Machine learning models are rapidly approaching or surpassing human performance on many metrics. In comparison, neuroscience is progressing at a slow pace. To reach the research velocity possible in software paradigms, we highlight a potential path to high-quality emulations of the brains of key model organisms such as the roundworm Caenorhabditis elegans, the zebrafish Danio rerio, and the mouse Mus musculus.

Notably, multiple required technologies are rapidly improving. Firstly, high-resolution imaging of neuronal structure and connectivity in light microscopy or electron microscopy. Connectomics has progressed from mapping the brain of a 302-neuron nematode C. elegans to a complete adult fruit fly brain reconstruction containing approximately 140,000 neurons. Required reconstruction and proofreading cost per reconstructed neuron has fallen from roughly $16,500 to approximately $100 for zebrafish larvae.

Secondly, functional imaging has improved drastically, approaching high-resolution imaging of entire brains in the young zebrafish and cortical sections in mice containing up to 1 million neurons.

Thirdly, simulation capabilities have progressed far. Detailed emulated models of neurons and synapses are available, ranging from simple proxies to biologically accurate neurons. Under pessimistic assumptions we estimate that real-time human brain emulations require roughly 6×1020 FLOP/s of compute, 700 GB memory storage per GPU, and 24 GB/s interconnect bandwidth. Mid-2020s AI clusters reach 4×1020 FLOP/s, 180 GB memory per GPU, and 1.8 TB/s interconnect, with large investments into larger clusters ongoing.

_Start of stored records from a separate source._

sublocale conformal_change U a "\<lambda>y. (form_norm a b y)\<^sup>2" sigma_grad
proof
  fix y l assume y: "y \<in> U"
  show "(form_norm a b y)\<^sup>2 \<noteq> 0" using form_norm_pos[OF y] by simp
  show "(\<lambda>y. (form_norm a b y)\<^sup>2) differentiable (at y)"
    using differentiable_norm_sq[OF y] by (rule differentiable_at_cong_open[OF _ open_domain y])
      (simp add: form_norm_sq)
  have "pd l (\<lambda>y. (form_norm a b y)\<^sup>2) y = pd l norm_sq y"
    by (rule pd_cong_open[OF open_domain y]) (simp add: form_norm_sq)
  thus "pd l (\<lambda>y. (form_norm a b y)\<^sup>2) y = - 2 * (form_norm a b y)\<^sup>2 * sigma_grad l y"
    using norm_sq_pos[OF y] by (simp add: pd_norm_sq[OF y] form_norm_sq[OF y] sigma_grad_def)
qed

lemma sigma_grad_norm_sq:
  assumes x: "x \<in> U"
  shows "(\<Sum>m\<in>UNIV. sigma_grad m x * raise x (\<lambda>p. sigma_grad p x) m) = - \<mu>"
proof -
  define r where "r = c x / norm_sq x"
  have "(\<Sum>m\<in>UNIV. sigma_grad m x * raise x (\<lambda>p. sigma_grad p x) m)
      = r * r * (\<Sum>m\<in>UNIV. b m x * raise x (\<lambda>p. b p x) m)"
    unfolding raise_sigma_grad unfolding sigma_grad_eq r_def[symmetric]
    by (simp add: sum_distrib_left mult_ac)
  also have "\<dots> = c x * c x / norm_sq x"
    using norm_sq_pos[OF x] by (simp add: norm_sq_def[symmetric] r_def)
  also have "\<dots> = - \<mu>"
    using c_sq_norm_sq[OF x] norm_sq_pos[OF x] by (simp add: power2_eq_square)
  finally show ?thesis .
qed

text \<open>T is the covariant derivative of sigma_grad, see pd_sigma_grad.\<close>

lemma conformal_curvature_terms:
  assumes x: "x \<in> U"
  defines "T \<equiv> \<lambda>k l. \<mu> * a k l x - \<mu> * b k x * b l x / norm_sq x"
    and "S \<equiv> conformal_shift x (\<lambda>p. sigma_grad p x)"
  shows "conformal_shift x (T k) i l j - conformal_shift x (T l) i k j
      + (\<Sum>m\<in>UNIV. S i k m * S m l j - S i l m * S m k j)
    = \<mu> * ((if i = l then a k j x else 0) - (if i = k then a l j x else 0))"
proof -
  let ?Q = "norm_sq x" and ?w = "raise x (\<lambda>p. b p x)" and ?s = "\<lambda>p. sigma_grad p x"
  have Q: "?Q \<noteq> 0" using norm_sq_pos[OF x] by simp
  have mu: "\<mu> = - (c x * c x) / ?Q"
    using c_sq_norm_sq[OF x] Q by (simp add: power2_eq_square field_simps)
  have raise_T: "raise x (T k) i = \<mu> * (if i = k then 1 else 0) - \<mu> * b k x * ?w i / ?Q" for k i
  proof -
    have "raise x (T k) i = \<mu> * (\<Sum>p\<in>UNIV. ainv i p x * a p k x) - \<mu> * b k x * ?w i / ?Q"
      by (simp add: T_def raise_def metric_sym[OF x, of k] sum_subtractf sum_distrib_left
          sum_divide_distrib algebra_simps)
    thus ?thesis by (simp add: inv_metric_mult_metric[OF x])
  qed
  have "(\<Sum>m\<in>UNIV. S i k m * S m l j - S i l m * S m k j)
      = (\<Sum>m\<in>UNIV. S i k m * S m l j) - (\<Sum>m\<in>UNIV. S i l m * S m k j)"
    by (rule sum_subtractf)
  also have "\<dots> = ((if i = j then ?s k * ?s l else 0) + (if i = l then ?s k * ?s j else 0)
        + (if i = k then 2 * (?s j * ?s l) + a l j x * \<mu> else 0)
        - a k j x * ?s l * raise x ?s i - a k l x * ?s j * raise x ?s i)
      - ((if i = j then ?s l * ?s k else 0) + (if i = k then ?s l * ?s j else 0)
        + (if i = l then 2 * (?s j * ?s k) + a k j x * \<mu> else 0)
        - a l j x * ?s k * raise x ?s i - a l k x * ?s j * raise x ?s i)"
    unfolding S_def sum_shift_tensor_mult[where A = "\<lambda>p q. a p q x", OF metric_raise[OF x]]
      sigma_grad_norm_sq[OF x]
    by simp
  finally have SS: "(\<Sum>m\<in>UNIV. S i k m * S m l j - S i l m * S m k j) = \<dots>" .
  show ?thesis
    unfolding SS shift_tensor_def raise_T raise_sigma_grad metric_sym[OF x, of l k]
    using Q
    by (cases "i = j"; cases "i = l"; cases "i = k")
      (simp_all add: T_def sigma_grad_def mu field_simps metric_sym[OF x])
qed

lemma riem_tensor_conformal_form:
  assumes x: "x \<in> U"
  shows "riem_tensor abar i j k l x = riem_tensor a i j k l x
    + \<mu> * ((if i = l then a k j x else 0) - (if i = k then a l j x else 0))"
  using riem_tensor_conformal[OF x differentiable_sigma_grad[OF x] pd_sigma_grad[OF x]]
    conformal_curvature_terms[OF x, of k i l j]
  by (simp only: add.assoc)

lemma cov_deriv_conformal_form:
  assumes x: "x \<in> U"
  shows "cov_deriv abar (\<lambda>i y. b i y / (form_norm a b y)\<^sup>2) i j x = 0"
proof -
  let ?Q = "norm_sq x" and ?s = "\<lambda>p. sigma_grad p x"
  have Q: "?Q \<noteq> 0" using norm_sq_pos[OF x] by simp
  have "(\<Sum>k\<in>UNIV. conformal_shift x ?s k i j * b k x)
      = ?s i * b j x + ?s j * b i x - a i j x * (\<Sum>k\<in>UNIV. raise x ?s k * b k x)"
    by (simp add: shift_tensor_def sum.distrib sum_subtractf sum_distrib_left algebra_simps)
  also have "(\<Sum>k\<in>UNIV. raise x ?s k * b k x)
      = - (c x / ?Q) * (\<Sum>k\<in>UNIV. b k x * raise x (\<lambda>p. b p x) k)"
    by (simp add: raise_sigma_grad sum_distrib_left mult_ac)
  finally have shift_b: "(\<Sum>k\<in>UNIV. conformal_shift x ?s k i j * b k x)
      = ?s i * b j x + ?s j * b i x + a i j x * c x"
    using Q by (simp add: norm_sq_def[symmetric])
  have "cov_deriv abar (\<lambda>i y. b i y / (form_norm a b y)\<^sup>2) i j x
      = (pd j (b i) x + 2 * b i x * ?s j
        - (\<Sum>k\<in>UNIV. \<Gamma> k i j x * b k x) - (\<Sum>k\<in>UNIV. conformal_shift x ?s k i j * b k x)) / ?Q"
    using Q
    by (simp add: cov_deriv_def pd_divide_factor[OF x differentiable_form[OF x]]
        christoffel_conformal[OF x] form_norm_sq[OF x] sum.distrib distrib_right
        sum_divide_distrib add_divide_distrib diff_divide_distrib)
  also have "\<dots> = 0"
    unfolding shift_b pd_form[OF x] using christoffel_sym[OF x, of _ i j] metric_sym[OF x, of i j]
    by (simp add: sigma_grad_def algebra_simps)
  finally show ?thesis .
qed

Early emulation attempts are already running. Recent progress includes benchmarking-focused emulations of zebrafish brains, an entire mouse cortex, and incomplete simulations as large as 80 billion neurons, beginning to reach human-scale requirements.

Rigorous, detailed, and biologically accurate emulations of multiple model organisms are surprisingly tractable. C. elegans, larval zebrafish, and Drosophila present compelling near-term targets where structural, functional, and molecular datasets are attainable. Progress in these organisms can drive the development of technologies and structure-to-function mapping methods required to scale up brain emulation work to larger organisms, including eventually human-scale emulations.